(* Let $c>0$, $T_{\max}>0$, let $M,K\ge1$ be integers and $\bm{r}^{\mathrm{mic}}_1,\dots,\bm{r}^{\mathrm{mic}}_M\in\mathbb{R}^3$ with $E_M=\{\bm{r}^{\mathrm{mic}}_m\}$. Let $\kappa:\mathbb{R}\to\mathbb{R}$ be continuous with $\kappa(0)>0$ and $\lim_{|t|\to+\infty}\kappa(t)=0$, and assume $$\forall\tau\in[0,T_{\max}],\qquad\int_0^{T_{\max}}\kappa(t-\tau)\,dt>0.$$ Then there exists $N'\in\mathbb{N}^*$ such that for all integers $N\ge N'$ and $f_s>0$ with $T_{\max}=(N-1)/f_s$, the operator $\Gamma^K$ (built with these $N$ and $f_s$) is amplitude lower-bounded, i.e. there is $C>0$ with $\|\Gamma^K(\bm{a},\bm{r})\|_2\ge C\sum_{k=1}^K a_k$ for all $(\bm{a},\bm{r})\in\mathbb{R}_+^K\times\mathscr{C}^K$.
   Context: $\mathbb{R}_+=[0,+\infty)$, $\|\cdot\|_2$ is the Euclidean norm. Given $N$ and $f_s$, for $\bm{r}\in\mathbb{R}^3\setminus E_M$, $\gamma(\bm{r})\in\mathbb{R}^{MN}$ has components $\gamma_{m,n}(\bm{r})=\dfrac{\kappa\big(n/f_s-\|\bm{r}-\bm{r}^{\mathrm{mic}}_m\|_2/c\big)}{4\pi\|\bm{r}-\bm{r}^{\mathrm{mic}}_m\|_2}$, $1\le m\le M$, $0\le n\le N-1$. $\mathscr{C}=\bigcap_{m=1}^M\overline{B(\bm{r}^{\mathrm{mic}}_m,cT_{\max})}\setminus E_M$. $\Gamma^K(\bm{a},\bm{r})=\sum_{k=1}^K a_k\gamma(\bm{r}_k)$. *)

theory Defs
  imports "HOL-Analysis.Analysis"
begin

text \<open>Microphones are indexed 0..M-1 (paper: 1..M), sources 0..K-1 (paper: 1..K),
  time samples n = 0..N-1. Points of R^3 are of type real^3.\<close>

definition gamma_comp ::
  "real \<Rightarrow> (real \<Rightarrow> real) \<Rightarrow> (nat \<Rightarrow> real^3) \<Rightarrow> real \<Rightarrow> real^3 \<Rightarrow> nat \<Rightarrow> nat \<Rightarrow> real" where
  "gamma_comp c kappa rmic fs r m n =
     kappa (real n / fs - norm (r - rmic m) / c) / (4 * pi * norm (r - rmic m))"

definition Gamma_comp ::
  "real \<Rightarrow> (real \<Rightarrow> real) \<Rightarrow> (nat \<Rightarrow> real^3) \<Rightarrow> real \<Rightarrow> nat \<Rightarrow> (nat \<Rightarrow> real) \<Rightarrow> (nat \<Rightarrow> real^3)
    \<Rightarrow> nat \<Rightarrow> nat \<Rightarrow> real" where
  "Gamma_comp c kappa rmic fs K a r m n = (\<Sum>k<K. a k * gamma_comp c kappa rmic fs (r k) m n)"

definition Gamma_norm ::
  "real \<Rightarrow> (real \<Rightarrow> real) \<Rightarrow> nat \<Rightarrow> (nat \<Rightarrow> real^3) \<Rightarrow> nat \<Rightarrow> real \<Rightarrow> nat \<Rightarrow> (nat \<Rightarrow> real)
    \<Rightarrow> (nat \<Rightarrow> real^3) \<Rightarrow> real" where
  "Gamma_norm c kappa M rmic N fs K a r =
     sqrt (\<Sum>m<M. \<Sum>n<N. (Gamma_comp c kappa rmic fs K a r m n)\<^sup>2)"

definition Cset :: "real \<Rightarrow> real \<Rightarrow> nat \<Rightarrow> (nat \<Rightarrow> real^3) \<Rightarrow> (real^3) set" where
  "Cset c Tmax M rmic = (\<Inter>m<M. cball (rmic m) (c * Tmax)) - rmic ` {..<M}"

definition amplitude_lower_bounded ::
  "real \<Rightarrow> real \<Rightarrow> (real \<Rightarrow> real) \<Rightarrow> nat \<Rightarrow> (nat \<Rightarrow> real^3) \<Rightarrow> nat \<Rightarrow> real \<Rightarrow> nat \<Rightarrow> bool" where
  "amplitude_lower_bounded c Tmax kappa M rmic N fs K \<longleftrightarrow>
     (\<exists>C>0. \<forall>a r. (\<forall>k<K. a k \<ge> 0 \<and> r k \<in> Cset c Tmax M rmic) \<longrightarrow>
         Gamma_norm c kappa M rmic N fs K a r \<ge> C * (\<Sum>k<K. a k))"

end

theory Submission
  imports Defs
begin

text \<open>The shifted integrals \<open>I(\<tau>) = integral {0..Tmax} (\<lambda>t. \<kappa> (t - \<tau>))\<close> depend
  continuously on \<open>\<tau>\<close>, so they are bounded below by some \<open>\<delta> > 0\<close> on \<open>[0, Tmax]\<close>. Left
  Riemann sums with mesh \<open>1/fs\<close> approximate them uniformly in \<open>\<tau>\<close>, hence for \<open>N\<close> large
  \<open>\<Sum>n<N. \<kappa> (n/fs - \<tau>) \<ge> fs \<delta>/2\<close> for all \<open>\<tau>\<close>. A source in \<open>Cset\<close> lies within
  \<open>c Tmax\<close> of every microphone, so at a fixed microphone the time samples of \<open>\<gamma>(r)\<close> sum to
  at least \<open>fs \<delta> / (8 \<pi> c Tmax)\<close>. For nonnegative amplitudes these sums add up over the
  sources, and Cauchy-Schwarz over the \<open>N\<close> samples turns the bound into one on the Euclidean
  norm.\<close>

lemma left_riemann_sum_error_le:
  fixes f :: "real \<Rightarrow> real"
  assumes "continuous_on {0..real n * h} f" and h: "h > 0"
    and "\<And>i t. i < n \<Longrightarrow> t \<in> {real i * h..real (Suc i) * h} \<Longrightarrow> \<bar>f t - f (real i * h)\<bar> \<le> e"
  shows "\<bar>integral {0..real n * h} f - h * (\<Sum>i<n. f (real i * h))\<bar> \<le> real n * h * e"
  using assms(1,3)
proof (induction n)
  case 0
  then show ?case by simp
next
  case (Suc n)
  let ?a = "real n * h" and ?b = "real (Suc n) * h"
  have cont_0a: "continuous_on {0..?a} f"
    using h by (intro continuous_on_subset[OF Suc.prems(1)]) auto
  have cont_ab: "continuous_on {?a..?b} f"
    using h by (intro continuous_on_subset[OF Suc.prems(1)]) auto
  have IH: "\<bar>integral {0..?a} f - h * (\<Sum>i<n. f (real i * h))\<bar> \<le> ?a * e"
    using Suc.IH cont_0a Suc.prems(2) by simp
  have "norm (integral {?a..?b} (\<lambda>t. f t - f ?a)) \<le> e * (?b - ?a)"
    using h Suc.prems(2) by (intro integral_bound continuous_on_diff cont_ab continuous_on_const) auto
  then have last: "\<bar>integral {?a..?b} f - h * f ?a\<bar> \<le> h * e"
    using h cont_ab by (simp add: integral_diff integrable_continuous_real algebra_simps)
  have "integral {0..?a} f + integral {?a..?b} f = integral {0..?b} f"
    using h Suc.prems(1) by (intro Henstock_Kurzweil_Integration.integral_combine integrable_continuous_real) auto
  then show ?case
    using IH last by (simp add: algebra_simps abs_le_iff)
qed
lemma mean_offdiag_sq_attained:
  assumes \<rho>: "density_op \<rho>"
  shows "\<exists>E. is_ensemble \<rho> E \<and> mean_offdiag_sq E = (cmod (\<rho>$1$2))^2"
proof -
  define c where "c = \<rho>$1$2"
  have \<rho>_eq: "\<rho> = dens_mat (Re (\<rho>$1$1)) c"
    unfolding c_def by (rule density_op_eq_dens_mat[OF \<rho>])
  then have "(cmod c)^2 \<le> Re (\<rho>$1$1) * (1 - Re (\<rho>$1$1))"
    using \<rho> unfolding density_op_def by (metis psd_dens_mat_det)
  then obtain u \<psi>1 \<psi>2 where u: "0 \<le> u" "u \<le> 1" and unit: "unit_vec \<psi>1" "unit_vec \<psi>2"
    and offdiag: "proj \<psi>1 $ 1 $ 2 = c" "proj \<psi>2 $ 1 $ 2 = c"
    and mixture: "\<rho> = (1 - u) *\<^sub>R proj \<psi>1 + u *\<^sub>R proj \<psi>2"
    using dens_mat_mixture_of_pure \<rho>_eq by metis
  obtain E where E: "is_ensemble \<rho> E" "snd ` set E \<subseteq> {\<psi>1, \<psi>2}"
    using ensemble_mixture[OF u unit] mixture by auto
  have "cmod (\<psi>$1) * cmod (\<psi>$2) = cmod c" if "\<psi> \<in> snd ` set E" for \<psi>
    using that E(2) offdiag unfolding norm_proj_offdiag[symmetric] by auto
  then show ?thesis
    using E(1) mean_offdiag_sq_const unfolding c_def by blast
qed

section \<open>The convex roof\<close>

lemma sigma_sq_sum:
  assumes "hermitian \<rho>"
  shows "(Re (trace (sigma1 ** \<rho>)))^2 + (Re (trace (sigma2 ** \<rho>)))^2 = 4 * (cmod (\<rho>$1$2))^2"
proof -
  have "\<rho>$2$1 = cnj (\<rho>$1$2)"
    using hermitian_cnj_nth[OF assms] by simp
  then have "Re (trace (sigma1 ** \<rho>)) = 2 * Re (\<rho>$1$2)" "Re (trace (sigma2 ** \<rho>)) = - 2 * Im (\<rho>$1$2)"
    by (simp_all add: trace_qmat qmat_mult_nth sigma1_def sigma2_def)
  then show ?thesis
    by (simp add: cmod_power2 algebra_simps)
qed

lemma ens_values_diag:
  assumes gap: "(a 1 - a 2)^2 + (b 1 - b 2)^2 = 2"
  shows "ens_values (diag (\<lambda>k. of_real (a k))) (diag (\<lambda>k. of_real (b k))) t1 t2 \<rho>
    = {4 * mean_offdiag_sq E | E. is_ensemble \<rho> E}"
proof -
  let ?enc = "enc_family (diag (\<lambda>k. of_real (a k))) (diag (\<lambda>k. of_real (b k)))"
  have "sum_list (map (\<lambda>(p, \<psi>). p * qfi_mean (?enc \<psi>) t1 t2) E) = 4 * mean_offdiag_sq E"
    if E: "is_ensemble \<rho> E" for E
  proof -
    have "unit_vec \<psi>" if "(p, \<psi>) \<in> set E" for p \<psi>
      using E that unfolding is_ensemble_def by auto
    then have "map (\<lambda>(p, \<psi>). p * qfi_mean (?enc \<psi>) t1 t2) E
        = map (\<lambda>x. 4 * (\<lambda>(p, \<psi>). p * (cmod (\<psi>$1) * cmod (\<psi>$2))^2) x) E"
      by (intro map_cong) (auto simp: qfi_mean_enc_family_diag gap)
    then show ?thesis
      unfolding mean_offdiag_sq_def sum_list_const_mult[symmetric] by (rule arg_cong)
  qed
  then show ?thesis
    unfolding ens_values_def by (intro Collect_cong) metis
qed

> **TASK GOAL**
A single integer is the expected output: the number of lines in the data that include the word "shows".

> **EXERCISE SOLUTION**
4